Vertical wind speed extrapolation model using long short‐term memory and particle swarm optimization

Abstract

AbstractInvestigating the potential for deploying a wind farm requires accurate knowledge of the vertical profile of wind speed (WS), both temporal and with height. Commonly, WS estimations at different heights involves calculating site‐dependent parameters such as roughness length, atmospheric conditions, and wind shear coefficient. This study proposes a hybrid model to estimate WS at different heights based on measurements at lower heights using particle swarm optimization and long short‐term memory (PSO‐LSTM). The training procedure consists of two steps, namely the Levenberg–Marquardt (LM) and the PSO, to minimize the mean squared error.

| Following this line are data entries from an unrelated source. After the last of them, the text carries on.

text \<open>Iterating the dyadic step along \<open>T, T\<^sup>2, T\<^sup>4, \<dots>\<close>; the norms \<open>\<parallel>Z\<parallel>\<close> produced at each
  step are the norms \<open>\<parallel>E\<^sub>0 S\<^sub>2\<^sub>^\<^sub>l\<parallel>\<close> of the original sequence, by \<open>cond_sum_norm_Zpred\<close>.\<close>

lemma max_sum_norm_pow2_le:
  assumes "stationary_sequence M T F0 Z"
  shows "max_sum_norm M T Z (2^r)
    \<le> cond_sum_norm M T F0 Z (2^r) + 9 * (\<Sum>l<r. sqrt (2^(r-l-1)) * cond_sum_norm M T F0 Z (2^l))"
  using assms
proof (induction r arbitrary: T Z)
  case 0
  then interpret stationary_sequence M T F0 Z .
  show ?case using cond_sum_norm_one max_sum_norm_one by simp
next
  case (Suc r)
  then interpret stationary_sequence M T F0 Z by simp
  let ?Q = "cond_sum_norm M T F0 Z"
  have "max_sum_norm M T Z (2^Suc r) \<le> max_sum_norm M (T ^^ 2) Zpred (2^r) + 9 * sqrt (2^r) * L2norm M Z"
    using L2norm_max_partial_sums_double_le[of "2^r"] by (simp add: max_sum_norm_def funpow_mult)
  also have "max_sum_norm M (T ^^ 2) Zpred (2^r)
      \<le> ?Q (2^Suc r) + 9 * (\<Sum>l<r. sqrt (2^(r-l-1)) * ?Q (2^Suc l))"
    using Suc.IH[OF stationary_sequence_Zpred] by (simp add: cond_sum_norm_Zpred)
  also have "L2norm M Z = ?Q (2^0)" using cond_sum_norm_one by simp
  finally show ?case
    by (simp add: sum.lessThan_Suc_shift algebra_simps del: sum.lessThan_Suc)
qed


section \<open>Subadditive sequences with summable weights \<open>a\<^sub>k / k\<^sup>3\<^sup>/\<^sup>2\<close>\<close>

lemma powr_three_halves: "real k powr (3/2) = real k * sqrt (real k)"
proof (cases "k = 0")
  case False
  have "real k powr (3/2) = real k powr (1 + 1/2)" by simp
  also have "\<dots> = real k * sqrt (real k)" using False by (simp only: powr_add powr_half_sqrt) simp
  finally show ?thesis .
qed simp

lemma sqrt2_bounds: "sqrt 2 \<le> (1.5::real)" "(1.4::real) \<le> sqrt 2"
  by (rule real_le_lsqrt real_le_rsqrt; simp add: power2_eq_square)+

lemma sqrt3_le_2: "sqrt 3 \<le> (2::real)"
  by (rule real_le_lsqrt) auto

lemma sum_Ioc_split:
  fixes f :: "nat \<Rightarrow> real"
  assumes "a \<le> b" "b \<le> c"
  shows "(\<Sum>k\<in>{a<..c}. f k) = (\<Sum>k\<in>{a<..b}. f k) + (\<Sum>k\<in>{b<..c}. f k)"
proof -
  have "{a<..c} = {a<..b} \<union> {b<..c}" using assms by auto
  then show ?thesis by (simp add: sum.union_disjoint ivl_disj_int)
qed

locale subadditive_norms =
  fixes a :: "nat \<Rightarrow> real"
  assumes nonneg: "\<And>k. 0 \<le> a k"
    and subadditive: "\<And>j k. 0 < j \<Longrightarrow> j < k \<Longrightarrow> a j \<le> a k + a (k - j)"
    and summable_weighted: "summable (\<lambda>k. a (Suc k) / real (Suc k) powr (3/2))"
begin

definition b :: "nat \<Rightarrow> real" where "b k = a k / real k powr (3/2)"

definition tail :: "nat \<Rightarrow> real" where "tail m = (\<Sum>i. b (i + m + 1))"

lemma b_nonneg: "0 \<le> b k"
  by (simp add: b_def nonneg)

lemma a_eq_b: "1 \<le> k \<Longrightarrow> a k = b k * (real k * sqrt (real k))"
  by (simp add: b_def powr_three_halves)

lemma summable_tail: "summable (\<lambda>i. b (i + m + 1))"
  using summable_weighted summable_iff_shift[of "\<lambda>i. b (Suc i)" m] by (simp add: b_def)

lemma tail_nonneg: "0 \<le> tail m"
  unfolding tail_def by (rule suminf_nonneg[OF summable_tail b_nonneg])

lemma sum_le_tail:
  assumes "finite A" "\<And>k. k \<in> A \<Longrightarrow> m < k"
  shows "(\<Sum>k\<in>A. b k) \<le> tail m"
proof -
  have inj: "inj_on (\<lambda>k. k - (m + 1)) A"
    using assms(2) by (intro inj_onI) (metis Suc_eq_plus1 Suc_le_eq diff_add_inverse2 le_add_diff_inverse2)
  have "(\<Sum>k\<in>A. b k) = (\<Sum>i\<in>(\<lambda>k. k - (m + 1)) ` A. b (i + m + 1))"
  proof (subst sum.reindex[OF inj], intro sum.cong refl)
    fix k assume "k \<in> A"
    then have "k - (m + 1) + m + 1 = k" using assms(2) by fastforce
    then show "b k = ((\<lambda>i. b (i + m + 1)) \<circ> (\<lambda>k. k - (m + 1))) k" by simp
  qed
  also have "\<dots> \<le> tail m" unfolding tail_def
    by (rule sum_le_suminf[OF summable_tail]) (use assms(1) b_nonneg in auto)
  finally show ?thesis .
qed

lemma sum_le_sum_b:
  assumes "finite A" "\<And>k. k \<in> A \<Longrightarrow> 1 \<le> k \<and> k \<le> K"
  shows "(\<Sum>k\<in>A. a k) \<le> (real K * sqrt (real K)) * (\<Sum>k\<in>A. b k)"
proof -
  have "(\<Sum>k\<in>A. a k) = (\<Sum>k\<in>A. b k * (real k * sqrt (real k)))"
    using assms by (intro sum.cong) (auto simp: a_eq_b)
  also have "\<dots> \<le> (\<Sum>k\<in>A. b k * (real K * sqrt (real K)))"
    using assms b_nonneg by (intro sum_mono mult_left_mono mult_mono) auto
  finally show ?thesis by (simp add: sum_distrib_right mult.commute)
qed

lemma averaged_subadditivity:
  assumes "1 \<le> j"
  shows "real N * a j \<le> (\<Sum>k\<in>{N+j+1..2*N+j}. a k) + (\<Sum>k\<in>{N+1..2*N}. a k)"
proof -
  have "real N * a j = (\<Sum>k\<in>{N+j+1..2*N+j}. a j)" by simp
  also have "\<dots> \<le> (\<Sum>k\<in>{N+j+1..2*N+j}. a k + a (k - j))"
    using assms by (intro sum_mono subadditive) auto
  also have "\<dots> = (\<Sum>k\<in>{N+j+1..2*N+j}. a k) + (\<Sum>k\<in>{(N+1)+j..(2*N)+j}. a (k - j))"
    by (simp add: sum.distrib)
  also have "(\<Sum>k\<in>{(N+1)+j..(2*N)+j}. a (k - j)) = (\<Sum>k\<in>{N+1..2*N}. a k)"
    by (simp only: sum.shift_bounds_cl_nat_ivl) simp
  finally show ?thesis .
qed

lemma le_sum_b_block:
  assumes j: "1 \<le> j"
  shows "a j \<le> 6 * sqrt (real j) * (\<Sum>k\<in>{j+1..3*j}. b k)"
proof -
  have "{j+j+1..2*j+j} = {2*j+1..3*j}" by (intro arg_cong2[where f = atLeastAtMost]) auto
  then have "real j * a j \<le> (\<Sum>k\<in>{2*j+1..3*j}. a k) + (\<Sum>k\<in>{j+1..2*j}. a k)"
    using averaged_subadditivity[OF j, of j] by (simp only:)
  also have "\<dots> = (\<Sum>k\<in>{j+1..3*j}. a k)"
  proof -
    have "{j+1..3*j} = {j+1..2*j} \<union> {2*j+1..3*j}" "{j+1..2*j} \<inter> {2*j+1..3*j} = {}" by auto
    then show ?thesis by (simp add: sum.union_disjoint add.commute)
  qed
  also have "\<dots> \<le> (real (3*j) * sqrt (real (3*j))) * (\<Sum>k\<in>{j+1..3*j}. b k)"
    by (rule sum_le_sum_b) auto
  also have "\<dots> = real j * (3 * sqrt 3 * sqrt (real j) * (\<Sum>k\<in>{j+1..3*j}. b k))"
    by (simp add: real_sqrt_mult)
  finally have "a j \<le> 3 * sqrt 3 * sqrt (real j) * (\<Sum>k\<in>{j+1..3*j}. b k)"
    using j by simp
  also have "\<dots> \<le> 6 * sqrt (real j) * (\<Sum>k\<in>{j+1..3*j}. b k)"
    using b_nonneg sqrt3_le_2
    by (intro mult_right_mono sum_nonneg) auto
  finally show ?thesis .
qed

To perform vertical extrapolation, the PSO‐LSTM utilizes the measured WS at 10‐40 m heights to predict WS at 50 m. The predicted results at 50 m are then utilized along with the measured WS at 10–40 to extrapolate WS to 60 m. This process continues until the extrapolation of WS at 120 m is made. The PSO is compared with other optimization methods like genetic algorithm (GA), tuna swarm optimization (TSO), grey wolf optimization (GWO), sparrow search algorithm (SSA), and bald eagle search (BES) on improving the LSTM accuracy. The performance of the PSO‐LSTM is compared with the standard LSTM, feedforward neural network and the logarithmic law (LogLaw) based estimation. The extrapolated values obtained using these methods are compared with LiDAR system‐based measurements. The proposed method outperformed the other methods.